Cell alignment analysis

Cell actin alignment was measured using custom MATLAB code based on local actin filament orientation analysis based on adaptation of fingerprint analysis software34,66,84. To do this, confocal images of samples stained for nuclei, F-actin, and sarcomeric α-actinin were used. First, local orientations of actin filaments were detected across the image based on intensity gradients and then a filament mask was created to select corresponding to actin filaments (note that at the imaging resolution used this included actin filaments, stress fibers and myofibrils). Actin and α-actinin channels were then processed to produce binary masks of all cells (actin) and only cardiomyocytes (α-actinin).
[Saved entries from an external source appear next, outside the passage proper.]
(* Let $T\ge 1$ and $d$ be integers with $d>2T+1$, and let $n=T+1$. For every deterministic algorithm that interacts for $T$ rounds with a one-sided oracle and then outputs a vector $\mathbf{w}_{T+1}\in\mathbb{R}^d$, there exists a matrix $A\in\mathbb{R}^{(T+1)\times d}$ such that \[ \max_{l\in[T+1]}\|A_l\|_2=1\qquad\text{and}\qquad \max_{\mathbf{w}\in\mathbb{R}^d:\|\mathbf{w}\|_2\le 1}\ \min_{\mathbf{p}\in\Delta^{n-1}}\mathbf{p}^\top A\mathbf{w}\ \ge\ \frac{1}{\sqrt{T+1}}, \] yet the output of the algorithm after $T$ rounds of interaction with $\mathcal{O}_1^A$ satisfies $\min_{\mathbf{p}\in\Delta^{n-1}}\mathbf{p}^\top A\mathbf{w}_{T+1}\le 0$.
   Context: $\Delta^{n-1}=\{\mathbf{p}\in\mathbb{R}^n:\ p_i\ge 0\ \forall i,\ \sum_i p_i=1\}$ is the probability simplex; $A_l$ denotes the $l$-th row of $A$; $[n]=\{1,\dots,n\}$. The one-sided oracle $\mathcal{O}_1^A$: given a query $(l,\mathbf{w})\in[n]\times\mathbb{R}^d$, it returns $A\mathbf{w}$ and the row $A_l$. A deterministic algorithm interacting with the oracle for $T$ rounds chooses, at each round $t=1,\dots,T$, a query $(l_t,\mathbf{w}_t)$ as a deterministic function of the oracle responses received in rounds $1,\dots,t-1$, and after round $T$ outputs $\mathbf{w}_{T+1}\in\mathbb{R}^d$ as a deterministic function of all $T$ responses. Queries are not restricted to the unit ball. *)

theory Defs
  imports "HOL-Analysis.Analysis"
begin

text \<open>Matrices A in R^{n x d} are rendered as real^'d^'n (rows indexed by 'n, A$l is row l).\<close>

definition prob_simplex :: "(real^'n::finite) set" where
  "prob_simplex = {p. (\<forall>i. p $ i \<ge> 0) \<and> (\<Sum>i\<in>UNIV. p $ i) = 1}"

definition margin :: "real^'d^'n \<Rightarrow> real^'d \<Rightarrow> real" where
  "margin A w = (INF p\<in>prob_simplex. p \<bullet> (A *v w))"

definition oracle1 :: "real^'d^'n \<Rightarrow> ('n \<times> (real^'d)) \<Rightarrow> (real^'n) \<times> (real^'d)" where
  "oracle1 A q = (A *v snd q, A $ fst q)"

fun transcript :: "(((real^'n) \<times> (real^'d)) list \<Rightarrow> ('n \<times> (real^'d))) \<Rightarrow> real^'d^'n \<Rightarrow> nat
    \<Rightarrow> ((real^'n) \<times> (real^'d)) list" where
  "transcript query A 0 = []"
| "transcript query A (Suc t) =
     transcript query A t @ [oracle1 A (query (transcript query A t))]"

end

theory Submission
  imports Defs
begin

text \<open>The adversary answers the algorithm lazily. A row of A stays undetermined until it is
  queried; it is then fixed as a unit vector orthogonal to all query points seen so far and to
  all rows fixed before. Since answers only involve fixed rows and inner products of the
  (future) other rows with past query points, which are kept zero, the transcript does not
  depend on how the open rows are completed. At most T of the T + 1 rows are fixed during the
  interaction; at the end all open rows are completed orthonormally and orthogonally to the
  output, so an open row l gives (A w) l = 0. The rows of A are orthonormal, hence
  w = (\<Sum>k. A k) / sqrt (T + 1) is a unit vector with margin 1 / sqrt (T + 1).
  A dimension d > 2T + 1 leaves room for all the orthogonality constraints.\<close>

definition unit_orthogonal_to :: "(real^'d) set \<Rightarrow> real^'d" where
  "unit_orthogonal_to S = (SOME u. norm u = 1 \<and> (\<forall>s\<in>S. u \<bullet> s = 0))"

lemma unit_orthogonal_to:
  fixes S :: "(real^'d) set"
  assumes "finite S" "card S < CARD('d)"
  shows "norm (unit_orthogonal_to S) = 1" "\<forall>s\<in>S. unit_orthogonal_to S \<bullet> s = 0"
proof -
  have "dim S < DIM(real^'d)" using dim_le_card'[OF assms(1)] assms(2) by simp
  then obtain x :: "real^'d" where x: "x \<noteq> 0" "\<And>y. y \<in> span S \<Longrightarrow> orthogonal x y"
    using orthogonal_to_subspace_exists by blast
  have "norm (x /\<^sub>R norm x) = 1 \<and> (\<forall>s\<in>S. (x /\<^sub>R norm x) \<bullet> s = 0)"
    using x span_base[of _ S] by (auto simp: orthogonal_def)
  then have "norm (unit_orthogonal_to S) = 1 \<and> (\<forall>s\<in>S. unit_orthogonal_to S \<bullet> s = 0)"
    unfolding unit_orthogonal_to_def by (rule someI)
  then show "norm (unit_orthogonal_to S) = 1" "\<forall>s\<in>S. unit_orthogonal_to S \<bullet> s = 0"
    by auto
qed

text \<open>A zero row of B encodes a row not yet fixed by the adversary.\<close>

definition fix_row :: "(real^'d) set \<Rightarrow> real^'d^'n \<Rightarrow> 'n \<Rightarrow> real^'d^'n" where
  "fix_row X B l =
     (if B $ l = 0 then (\<chi> k. if k = l then unit_orthogonal_to (X \<union> (\<lambda>k. B $ k) ` (- {l})) else B $ k)
      else B)"

lemma fix_row_other: "k \<noteq> l \<Longrightarrow> fix_row X B l $ k = B $ k"
  by (simp add: fix_row_def)
(* Let $m\ge0$ be an integer and write $s_n=s_n^{(1,m+2)}$. Then for all $n\ge0$, \[ s_{n+m+2}^2-1=\sum_{k=0}^n\left\{s_k^2+2\sum_{i=0}^k P_{k+m+1-i}^{\{-2,-1,m\}}s_i^2\right\}. \]
   Context: For positive integers $p<q$, $s_n^{(p,q)}$ is defined by $s_n^{(p,q)}=\delta_{0,n}+s_{n-p}^{(p,q)}+s_{n-q}^{(p,q)}$ for $n\ge0$ and $s_n^{(p,q)}=0$ for $n<0$. $\delta_{i,j}$ is $1$ if $i=j$ and $0$ otherwise. For a finite set $W$ of integers, $P_n^W$ is the number of permutations $\pi$ of $\{1,\dots,n\}$ with $\pi(i)-i\in W$ for all $i$ (the permanent of the $n\times n$ $(0,1)$ Toeplitz matrix whose $(i,j)$ entry is $1$ iff $j-i\in W$), with $P_0^W=1$. *)

theory Defs
  imports Main "HOL-Combinatorics.Permutations"
begin

text \<open>The guard 0 < p only serves termination; the paper assumes 0 < p < q.\<close>
function s_seq :: "nat \<Rightarrow> nat \<Rightarrow> nat \<Rightarrow> nat" where
  "s_seq p q n =
     (if n = 0 then 1 else 0)
     + (if 0 < p \<and> p \<le> n then s_seq p q (n - p) else 0)
     + (if 0 < q \<and> q \<le> n then s_seq p q (n - q) else 0)"
  by auto
termination by (relation "measure (\<lambda>(p,q,n). n)") auto

definition perm_count :: "int set \<Rightarrow> nat \<Rightarrow> nat" where
  "perm_count W n =
     card {\<pi>. \<pi> permutes {1..n} \<and> (\<forall>i\<in>{1..n}. int (\<pi> i) - int i \<in> W)}"

end

(*
  Since s(k+m+2) = s(k+m+1) + s(k), the left-hand side telescopes and the theorem reduces to
  the convolution identity  sum_{i<=k} P(k+m+1-i) s(i)^2 = s(k) s(k+m+1).

  An admissible permutation of {1..j+m+1} (displacements -2, -1, m) is determined by its set of
  jumps, the positions of displacement m: on the other positions it is the increasing bijection
  onto the values that are not jump targets.  Counting arguments show that the jump sets are
  exactly the sets 1 = x_0 < ... < x_r = j+1 whose gaps are at most m+1 and in which any two
  consecutive gaps sum to at least m+2.  Classifying these sets by their last gap gives a
  recursion for their number that matches  s(n+d) = s(n) + sum_{m+2-d <= c <= m+1} s(n-c),
  and the convolution identity follows by induction on n.
*)
theory Submission
  imports Defs
begin

lemma s_seq_1_rec:
  assumes "0 < q" "0 < n"
  shows "s_seq 1 q n = s_seq 1 q (n - 1) + (if q \<le> n then s_seq 1 q (n - q) else 0)"
  using assms by (subst s_seq.simps) simp

declare s_seq.simps [simp del]

lemma s_seq_1_below: "n < q \<Longrightarrow> s_seq 1 q n = 1"
proof (induction n)
  case 0
  then show ?case by (subst s_seq.simps) simp
next
  case (Suc n)
  then show ?case using s_seq_1_rec[of q "Suc n"] by simp
qed

lemma s_seq_1_add:
  assumes "d < q"
  shows "s_seq 1 q (n + d) = s_seq 1 q n + (\<Sum>c\<in>{q-d..<q}. if c \<le> n then s_seq 1 q (n - c) else 0)"
  using assms
proof (induction d)
  case 0
  then show ?case by simp
next
  case (Suc d)
  have "{q - Suc d..<q} = insert (q - Suc d) {q-d..<q}"
    using Suc.prems by auto
  moreover have "s_seq 1 q (n + Suc d)
      = s_seq 1 q (n + d) + (if q - Suc d \<le> n then s_seq 1 q (n - (q - Suc d)) else 0)"
    using Suc.prems s_seq_1_rec[of q "n + Suc d"] by (auto intro!: arg_cong[where f = "s_seq 1 q"])
  ultimately show ?case
    using Suc by simp
qed

text \<open>A jump set with top element j+1 encodes the composition of j into its consecutive gaps:
  the gaps are at most m+1, and two consecutive gaps sum to at least m+2.\<close>

definition jump_set :: "nat \<Rightarrow> nat \<Rightarrow> nat set \<Rightarrow> bool" where
  "jump_set m j S \<longleftrightarrow> S \<subseteq> {1..j+1} \<and> 1 \<in> S \<and> j+1 \<in> S
     \<and> (\<forall>x\<in>S. x \<le> j \<longrightarrow> (\<exists>y\<in>S. x < y \<and> y \<le> x+m+1))
     \<and> (\<forall>x\<in>S. \<forall>y\<in>S. \<forall>z\<in>S. x < y \<longrightarrow> y < z \<longrightarrow> x+m+2 \<le> z)"
definition Lam :: "nat \<Rightarrow> wt" where
  "Lam i = (if i mod 2 = 0 then (1, 0, 0) else (0, 1, 0))"

text \<open>Simple roots: alpha_0 = 2 Lambda_0 - 2 Lambda_1 + delta, alpha_1 = 2 Lambda_1 - 2 Lambda_0;
 indices taken mod 2 (s_j := s_{j mod 2}).\<close>
definition sroot :: "nat \<Rightarrow> wt" where
  "sroot j = (if j mod 2 = 0 then (2, -2, 1) else (-2, 2, 0))"

definition copair :: "nat \<Rightarrow> wt \<Rightarrow> rat" where
  "copair j w = (case w of (a, b, d) \<Rightarrow> if j mod 2 = 0 then a else b)"

definition sref :: "nat \<Rightarrow> wt \<Rightarrow> wt" where
  "sref j w = w - smultw (copair j w) (sroot j)"

fun wact :: "nat \<Rightarrow> wt \<Rightarrow> wt" where
  "wact 0 w = w"
| "wact (Suc k) w = sref k (wact k w)"

definition dominant :: "wt \<Rightarrow> bool" where
  "dominant w \<longleftrightarrow> copair 0 w \<ge> 0 \<and> copair 1 w \<ge> 0"

text \<open>An LS path of shape Lambda_0 (sigma_1 > ... > sigma_r; 0 < a_1 < ... < a_r = 1) is
 represented as a pair (ks, as) with sigma_j = w_(ks!(j-1)) (the minimal coset
 representatives of W/W_Lambda0, Bruhat order = order of indices) and a_j = as!(j-1).\<close>
type_synonym lspath = "nat list \<times> rat list"

text \<open>Since W/W_Lambda0 is the chain
 w_0 < w_1 < ..., with covers w_(k+1) = s_k w_k, an a-chain for (w_p, w_q), p > q,
 exists iff a * <w_k Lambda_0, alpha_k^vee> is an integer for all q <= k < p.\<close>
definition a_chain :: "rat \<Rightarrow> nat \<Rightarrow> nat \<Rightarrow> bool" where
  "a_chain a p q \<longleftrightarrow> q < p \<and> (\<forall>k. q \<le> k \<and> k < p \<longrightarrow> a * copair k (wact k (Lam 0)) \<in> \<int>)"

definition is_LS :: "lspath \<Rightarrow> bool" where
  "is_LS \<pi> \<longleftrightarrow> (case \<pi> of (ks, as) \<Rightarrow>
      ks \<noteq> [] \<and> length as = length ks \<and> sorted_wrt (>) ks \<and>
      sorted_wrt (<) (0 # as) \<and> last as = 1 \<and>
      (\<forall>j. 0 < j \<and> j < length ks \<longrightarrow> a_chain (as ! (j - 1)) (ks ! (j - 1)) (ks ! j)))"

definition turning :: "lspath \<Rightarrow> nat \<Rightarrow> wt" where
  "turning \<pi> j = (\<Sum>t<j. smultw (snd \<pi> ! t - (if t = 0 then 0 else snd \<pi> ! (t - 1)))
                                (wact (fst \<pi> ! t) (Lam 0)))"

definition lam_dominant :: "wt \<Rightarrow> lspath \<Rightarrow> bool" where
  "lam_dominant lam \<pi> \<longleftrightarrow> (\<forall>j \<le> length (fst \<pi>). dominant (lam + turning \<pi> j))"

definition Pdom :: "nat \<Rightarrow> nat \<Rightarrow> lspath set" where
  "Pdom i m = {\<pi>. is_LS \<pi> \<and> lam_dominant (Lam i) \<pi> \<and> hd (fst \<pi>) \<le> m}"

definition Y0 :: "nat list set" where
  "Y0 = {b. sorted_wrt (>) b \<and> (\<forall>x \<in> set b. 0 < x)}"

text \<open>The map Psi. For b = (mu_1 > ... > mu_n), m = mu_1 (0 if b empty),
 tilde b_k = mu_k - (n - k + 1), and i_(n+j) = #{k. tilde b_k >= j} (conjugate).\<close>
definition Psi :: "nat list \<Rightarrow> lspath" where
  "Psi b = (let m = (if b = [] then 0 else hd b); n = length b;
               ic = (\<lambda>j. card {k. k < n \<and> b ! k - (n - k) \<ge> j})
            in (rev [n..<Suc m],
                map (\<lambda>t. of_nat (ic (t - n)) / of_nat t) (rev [Suc n..<Suc m]) @ [1]))"

end

theory Submission
  imports Defs
begin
These masks were then used to determine cardiomyocyte actin orientation using the α-actinin mask, and fibroblast actin orientation by subtracting the α-actinin mask from the actin mask. Angular distribution of actin filaments was then used for each cell type to calculate the orientational order parameter (OOP), a measure of alignment varying between 0 and 1, where 0 corresponds to an isotropic distribution and 1 corresponds to a perfectly anisotropic distribution with all filaments aligned in the exact same direction. Heat maps and histograms were created by detecting location of the actin filaments relative to the fluorescently labeled fibronectin pattern and calculating alignment data for each location separately. Actin and α-actinin-based masks were also used to determine the cardiomyocyte purity and the overall cell surface coverage.